text \<open>Expanding the unit rows contributes \<open>(-1) ^ (sum_list ws + \<Sum>{d..<N})\<close>, where \<open>ws\<close> lists the
  complement of \<open>q\<close>, and reversing \<open>q\<close> contributes \<open>(-1) ^ \<Sum>{..<d}\<close>; as
  \<open>sum_list ws + sum_list q = \<Sum>{..<N}\<close>, the product is \<open>(-1) ^ sum_list q\<close>.\<close>

lemma detN_unit_rows_sorted_gt:
  fixes q :: "nat list"
  assumes "sorted_wrt (>) q" "length q = d" "set q \<subseteq> {..<N}"
    and "\<And>i j. d \<le> i \<Longrightarrow> i < N \<Longrightarrow> j < N \<Longrightarrow>
      f i j = (if j = sorted_list_of_set ({..<N} - set q) ! (i - d) then 1 else 0)"
  shows "detN N f = (-1) ^ sum_list q * detN d (\<lambda>i j. f i (q ! j))"
proof -
  define ws where "ws = sorted_list_of_set ({..<N} - set q)"
  have dq: "distinct q" using assms(1) by (rule sorted_gt_distinct)
  have "{..<N} - set ws = set q" using assms(3) by (auto simp: ws_def)
  then have cols: "sorted_list_of_set ({..<N} - set ws) = rev q"
    using sorted_list_of_set_sorted_gt[OF assms(1)] by simp
  have "d \<le> N"
    using card_mono[OF _ assms(3)] distinct_card[OF dq] assms(2) by fastforce
  then have "length ws + d = N"
    using assms(2,3) dq by (simp add: ws_def card_Diff_subset distinct_card)
  then have "detN N f = (-1) ^ (sum_list ws + (\<Sum>i\<in>{d..<N}. i)) * detN d (\<lambda>i j. f i (rev q ! j))"
    unfolding cols[symmetric] using assms(4) by (intro detN_unit_rows) (auto simp: ws_def)
  also have "detN d (\<lambda>i j. f i (rev q ! j)) = detN d (\<lambda>i j. f i (q ! (d - 1 - j)))"
    using assms(2) by (intro detN_cong) (simp add: rev_nth)
  also have "\<dots> = (-1) ^ (\<Sum>i<d. i) * detN d (\<lambda>i j. f i (q ! j))"
    by (rule detN_rev_cols)
  finally have minor: "detN N f = (-1) ^ (sum_list ws + (\<Sum>i\<in>{d..<N}. i) + (\<Sum>i<d. i)) * detN d (\<lambda>i j. f i (q ! j))"
    by (simp add: power_add)
  have "sum_list ws + (\<Sum>i\<in>{d..<N}. i) + (\<Sum>i<d. i) + sum_list q = 2 * (\<Sum>i<N. i)"
    using sum_list_complement[OF dq assms(3)] \<open>length ws + d = N\<close>
      sum.atLeastLessThan_concat[of 0 d N "\<lambda>i. i"] by (simp add: ws_def lessThan_atLeast0)
  then have "(-1::'a) ^ (sum_list ws + (\<Sum>i\<in>{d..<N}. i) + (\<Sum>i<d. i)) = (-1) ^ sum_list q"
    by (rule minus_one_power_eq_if_even_sum)
  with minor show ?thesis
    by (simp only:)
qed

lemma detN_reduce_unit_rows:
  fixes q :: "nat list"
  assumes "sorted_wrt (>) q" "length q = d" "set q \<subseteq> {..<N}" "detN N Y = 1"
    and "\<And>i l. d \<le> i \<Longrightarrow> i < N \<Longrightarrow> l < N \<Longrightarrow>
      mmult N f Y i l = (if l = sorted_list_of_set ({..<N} - set q) ! (i - d) then 1 else 0)"
  shows "detN N f = (-1) ^ sum_list q * detN d (\<lambda>i j. mmult N f Y i (q ! j))"
proof -
  have "detN N f = detN N (mmult N f Y)"
    by (simp add: detN_mmult assms(4))
  also have "\<dots> = (-1) ^ sum_list q * detN d (\<lambda>i j. mmult N f Y i (q ! j))"
    by (rule detN_unit_rows_sorted_gt[OF assms(1-3)]) (simp add: assms(5))
  finally show ?thesis .
qed

section \<open>Generating series\<close>

interpretation lconst: comm_ring_hom lconst
  by unfold_locales (simp_all add: lconst_def single_add mult_single single_one)

lemma hc_neg [simp]: "k < 0 \<Longrightarrow> hc k = 0"
  by (simp add: hc_def)

lemma hc_0 [simp]: "hc 0 = 1"
  by (simp add: hc_def)

lemma esym_0 [simp]: "esym 0 xs = 1"
proof -
  have "{S. S \<subseteq> {..<length xs} \<and> card S = 0} = {{}}"
    by (auto dest: finite_subset[OF _ finite_lessThan])
  then show ?thesis
    by (simp add: esym_def)
qed

lemma esym_eq_0: "length xs < n \<Longrightarrow> esym n xs = 0"
  unfolding esym_def by (rule sum.neutral) (auto dest: card_mono[OF finite_lessThan])

lemma esym_map_uminus: "esym n (map uminus xs) = (-1) ^ n * esym n xs"
  unfolding esym_def sum_distrib_left length_map
proof (intro sum.cong refl)
  fix S assume S: "S \<in> {S. S \<subseteq> {..<length xs} \<and> card S = n}"
  then have "(\<Prod>i\<in>S. map uminus xs ! i) = (\<Prod>i\<in>S. - (xs ! i))"
    by (intro prod.cong) auto
  then show "(\<Prod>i\<in>S. map uminus xs ! i) = (-1) ^ n * (\<Prod>i\<in>S. xs ! i)"
    using S by (simp add: prod_uminus)
qed

lemma fps_const_prod: "(\<Prod>i\<in>A. fps_const (c i)) = fps_const (\<Prod>i\<in>A. c i)"
  by (induction A rule: infinite_finite_induct) (simp_all add: fps_const_mult)

definition esym_fps :: "complex list \<Rightarrow> complex fps" where
  "esym_fps xs = (\<Prod>x\<leftarrow>xs. 1 - fps_const x * fps_X)"

lemma fps_nth_prod_one_minus_X:
  fixes y :: "'i \<Rightarrow> 'a::comm_ring_1"
  assumes "finite I"
  shows "fps_nth (\<Prod>i\<in>I. 1 - fps_const (y i) * fps_X) n =
    (-1) ^ n * (\<Sum>B | B \<subseteq> I \<and> card B = n. \<Prod>i\<in>B. y i)"
proof -
  have "(\<Prod>i\<in>I. 1 - fps_const (y i) * fps_X) = (\<Prod>i\<in>I. fps_const (- y i) * fps_X + 1)"
    by (simp add: fps_const_neg[symmetric] del: fps_const_neg)
  also have "\<dots> = (\<Sum>B\<in>Pow I. fps_const (\<Prod>i\<in>B. - y i) * fps_X ^ card B)"
    by (simp add: prod_add[OF assms] prod.distrib fps_const_prod)
  finally have "fps_nth (\<Prod>i\<in>I. 1 - fps_const (y i) * fps_X) n =
      (\<Sum>B\<in>Pow I. if card B = n then (-1) ^ n * (\<Prod>i\<in>B. y i) else 0)"
    by (auto simp: fps_sum_nth fps_X_power_mult_right_nth prod_uminus intro!: sum.cong)
  also have "\<dots> = (\<Sum>B | B \<subseteq> I \<and> card B = n. (-1) ^ n * (\<Prod>i\<in>B. y i))"
    using assms by (simp add: sum.If_cases Int_def)
  finally show ?thesis
    by (simp add: sum_distrib_left)
qed

lemma fps_nth_esym_fps: "fps_nth (esym_fps xs) n = (-1) ^ n * esym n xs"
proof -
  have "esym_fps xs = (\<Prod>i\<in>{..<length xs}. 1 - fps_const (xs ! i) * fps_X)"
    by (simp add: esym_fps_def prod.list_conv_set_nth lessThan_atLeast0)
  then show ?thesis
    by (simp add: fps_nth_prod_one_minus_X esym_def)
qed

lemma esym_fps_nth_0 [simp]: "fps_nth (esym_fps xs) 0 = 1"
  by (simp add: fps_nth_esym_fps)

lemma esym_fps_nth_eq_0: "length xs < n \<Longrightarrow> fps_nth (esym_fps xs) n = 0"
  by (simp add: fps_nth_esym_fps esym_eq_0)

lemma esym_fps_append: "esym_fps (xs @ ys) = esym_fps xs * esym_fps ys"
  by (simp add: esym_fps_def)

lemma esym_rev: "esym n (rev xs) = esym n xs"
proof -
  have "esym_fps (rev xs) = esym_fps xs"
    by (simp add: esym_fps_def rev_map[symmetric])
  then have "(-1) ^ n * esym n (rev xs) = (-1) ^ n * esym n xs"
    by (metis fps_nth_esym_fps)
  then show ?thesis
    by simp
qed

definition a_fps :: "int \<Rightarrow> int \<Rightarrow> complex fps" where
  "a_fps lo hi = esym_fps (map a_half [lo..hi])"

lemma a_fps_nth_0 [simp]: "fps_nth (a_fps lo hi) 0 = 1"
  by (simp add: a_fps_def)

lemma a_fps_nth_eq_0: "nat (hi - lo + 1) < n \<Longrightarrow> fps_nth (a_fps lo hi) n = 0"
  by (simp add: a_fps_def esym_fps_nth_eq_0)

lemma a_fps_split:
  assumes "lo \<le> m + 1" "m \<le> hi"
  shows "a_fps lo hi = a_fps lo m * a_fps (m + 1) hi"
proof (cases "lo \<le> m")
  case True
  then show ?thesis
    using upto_split2[OF True assms(2)] by (simp add: a_fps_def esym_fps_append)
next
  case False
  then have "lo = m + 1"
    using assms(1) by simp
  then show ?thesis
    by (simp add: a_fps_def esym_fps_def)
qed

text \<open>\<open>a_upto m\<close> is \<open>\<Prod>\<^sub>s\<^sub>=\<^sub>1\<^sup>m (1 - a\<^sub>s t)\<close> with the convention
  \<open>\<Prod>\<^sub>s\<^sub>=\<^sub>1\<^sup>m = 1 / \<Prod>\<^sub>s\<^sub>=\<^sub>m\<^sub>+\<^sub>1\<^sup>0\<close> for \<open>m < 0\<close>.\<close>

definition a_upto :: "int \<Rightarrow> complex fps" where
  "a_upto m = (if 0 \<le> m then a_fps 1 m else inverse (a_fps (m + 1) 0))"

lemma a_upto_nth_0 [simp]: "fps_nth (a_upto m) 0 = 1"
  by (simp add: a_upto_def)

lemma a_upto_mult:
  assumes "lo \<le> 1" "lo - 1 \<le> m"
  shows "a_upto m * a_fps lo 0 = a_fps lo m"
proof (cases "0 \<le> m")
  case True
  then show ?thesis
    using a_fps_split[of lo 0 m] assms by (simp add: a_upto_def mult.commute)
next
  case False
  then have "a_fps lo 0 = a_fps lo m * a_fps (m + 1) 0"
    using assms by (intro a_fps_split) auto
  then show ?thesis
    using False inverse_mult_eq_1[of "a_fps (m + 1) 0"] by (simp add: a_upto_def mult.commute mult.left_commute)
qed
lemma std_normal_integral_reflect:
  fixes f :: "real \<Rightarrow> real"
  assumes [measurable]: "f \<in> borel_measurable borel"
  shows "(\<integral>x. f (- x) \<partial>std_normal_distribution) = (\<integral>x. f x \<partial>std_normal_distribution)"
proof -
  have "(\<integral>x. f (- x) \<partial>std_normal_distribution) = (\<integral>x. std_normal_density x * f (- x) \<partial>lborel)"
    by (subst integral_density) auto
  also have "\<dots> = (\<integral>x. std_normal_density x * f x \<partial>lborel)"
    by (subst lborel_integral_real_affine[where c = "-1" and t = 0]) (auto simp: std_normal_density_def)
  also have "\<dots> = (\<integral>x. f x \<partial>std_normal_distribution)"
    by (subst integral_density) auto
  finally show ?thesis .
qed

lemma std_normal_tail_pos: "0 < measure std_normal_distribution {a..}"
proof -
  interpret N: real_distribution std_normal_distribution by (rule real_dist_normal_dist)
  define S where "S = {\<bar>a\<bar>..\<bar>a\<bar> + 1}"
  define m where "m = (1 / sqrt (2 * pi)) * exp (- (\<bar>a\<bar> + 1)\<^sup>2 / 2)"
  have "ennreal m * indicator S x \<le> ennreal (std_normal_density x) * indicator S x" for x
  proof (cases "x \<in> S")
    case True
    then have "x\<^sup>2 \<le> (\<bar>a\<bar> + 1)\<^sup>2" by (intro power_mono) (auto simp: S_def)
    then show ?thesis using True by (auto simp: m_def std_normal_density_def intro!: divide_right_mono)
  qed simp
  then have "(\<integral>\<^sup>+x. ennreal m * indicator S x \<partial>lborel) \<le> emeasure std_normal_distribution S"
    by (subst emeasure_density) (auto simp: S_def intro: nn_integral_mono)
  moreover have "(\<integral>\<^sup>+x. ennreal m * indicator S x \<partial>lborel) = ennreal m"
    by (simp add: S_def nn_integral_cmult_indicator)
  moreover have "0 < m" by (simp add: m_def)
  ultimately have "0 < measure std_normal_distribution S"
    by (simp add: N.emeasure_eq_measure)
  also have "\<dots> \<le> measure std_normal_distribution {a..}"
    by (intro N.finite_measure_mono) (auto simp: S_def)
  finally show ?thesis .
qed
(* The monoid variety $\mathbf A_0^1\vee\mathbb M_\lambda(ata^+)$ satisfies an identity $\mathbf u\approx\mathbf v$ if and only if all of the following hold: (a) $\mathrm{simp}(\mathbf u)=\mathrm{simp}(\mathbf v)$ and $\mathrm{mul}(\mathbf u)=\mathrm{mul}(\mathbf v)$; (b) for all letters $x,y$ occurring in $\mathbf u$, the first occurrence of $x$ precedes the last occurrence of $y$ in $\mathbf u$ if and only if the first occurrence of $x$ precedes the last occurrence of $y$ in $\mathbf v$; (c) for every $t\in\mathrm{simp}(\mathbf u)$ and $x\in\mathrm{mul}(\mathbf u)$, the occurrence of $t$ precedes the first occurrence of $x$ in $\mathbf u$ iff it does so in $\mathbf v$, and the occurrence of $t$ precedes the second occurrence of $x$ in $\mathbf u$ iff it does so in $\mathbf v$.
   Context: Words are elements of the free monoid $\mathfrak A^*$ over a countably infinite alphabet; $\mathrm{simp}(\mathbf w)$ and $\mathrm{mul}(\mathbf w)$ are the sets of letters occurring exactly once, respectively at least twice, in $\mathbf w$. $A_0=\langle e,f\mid e^2=e,\ f^2=f,\ fe=0\rangle=\{e,f,ef,0\}$, $A_0^1$ is $A_0$ with an identity adjoined, and $\mathbf A_0^1$ is the monoid variety it generates. Let $\tau_1$ be the congruence on $\mathfrak A^*$ generated by $a=aa$ for letters $a$; $\mathbf u\,\lambda\,\mathbf v$ iff $\mathbf u\,\tau_1\,\mathbf v$, $\mathrm{mul}(\mathbf u)=\mathrm{mul}(\mathbf v)$, and for each multiple letter its first two occurrences are adjacent in $\mathbf u$ iff adjacent in $\mathbf v$. For $\lambda$-classes, $\mathtt v\le\mathtt u$ iff $\mathtt u=\mathtt p\mathtt v\mathtt s$ in $\mathfrak A^*/\lambda$; for a set $\mathtt W$ of classes, $M_\lambda(\mathtt W)$ is the Rees quotient of $\mathfrak A^*/\lambda$ by the ideal of classes not $\le$ any element of $\mathtt W$, and $\mathbb M_\lambda(\mathtt W)$ the variety it generates. $ata^+$ denotes the $\lambda$-class $\{ata^k:k\ge1\}$. $\vee$ is the join of varieties. *)

theory Defs
  imports Main
begin

type_synonym word = "nat list"

definition simp_letters :: "word \<Rightarrow> nat set" where
  "simp_letters w = {x. count_list w x = 1}"

definition mul_letters :: "word \<Rightarrow> nat set" where
  "mul_letters w = {x. count_list w x \<ge> 2}"

definition first_occ :: "word \<Rightarrow> nat \<Rightarrow> nat" where
  "first_occ w x = (LEAST i. i < length w \<and> w ! i = x)"

definition second_occ :: "word \<Rightarrow> nat \<Rightarrow> nat" where
  "second_occ w x = (LEAST i. first_occ w x < i \<and> i < length w \<and> w ! i = x)"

### About this exercise
Please print the lines from the start of the records up to and including the line with "complement of \<open>q\<close>, and", copying each one exactly and leaving out the rest.

### Result of this exercise
text \<open>Expanding the unit rows contributes \<open>(-1) ^ (sum_list ws + \<Sum>{d..<N})\<close>, where \<open>ws\<close> lists the
  complement of \<open>q\<close>, and reversing \<open>q\<close> contributes \<open>(-1) ^ \<Sum>{..<d}\<close>; as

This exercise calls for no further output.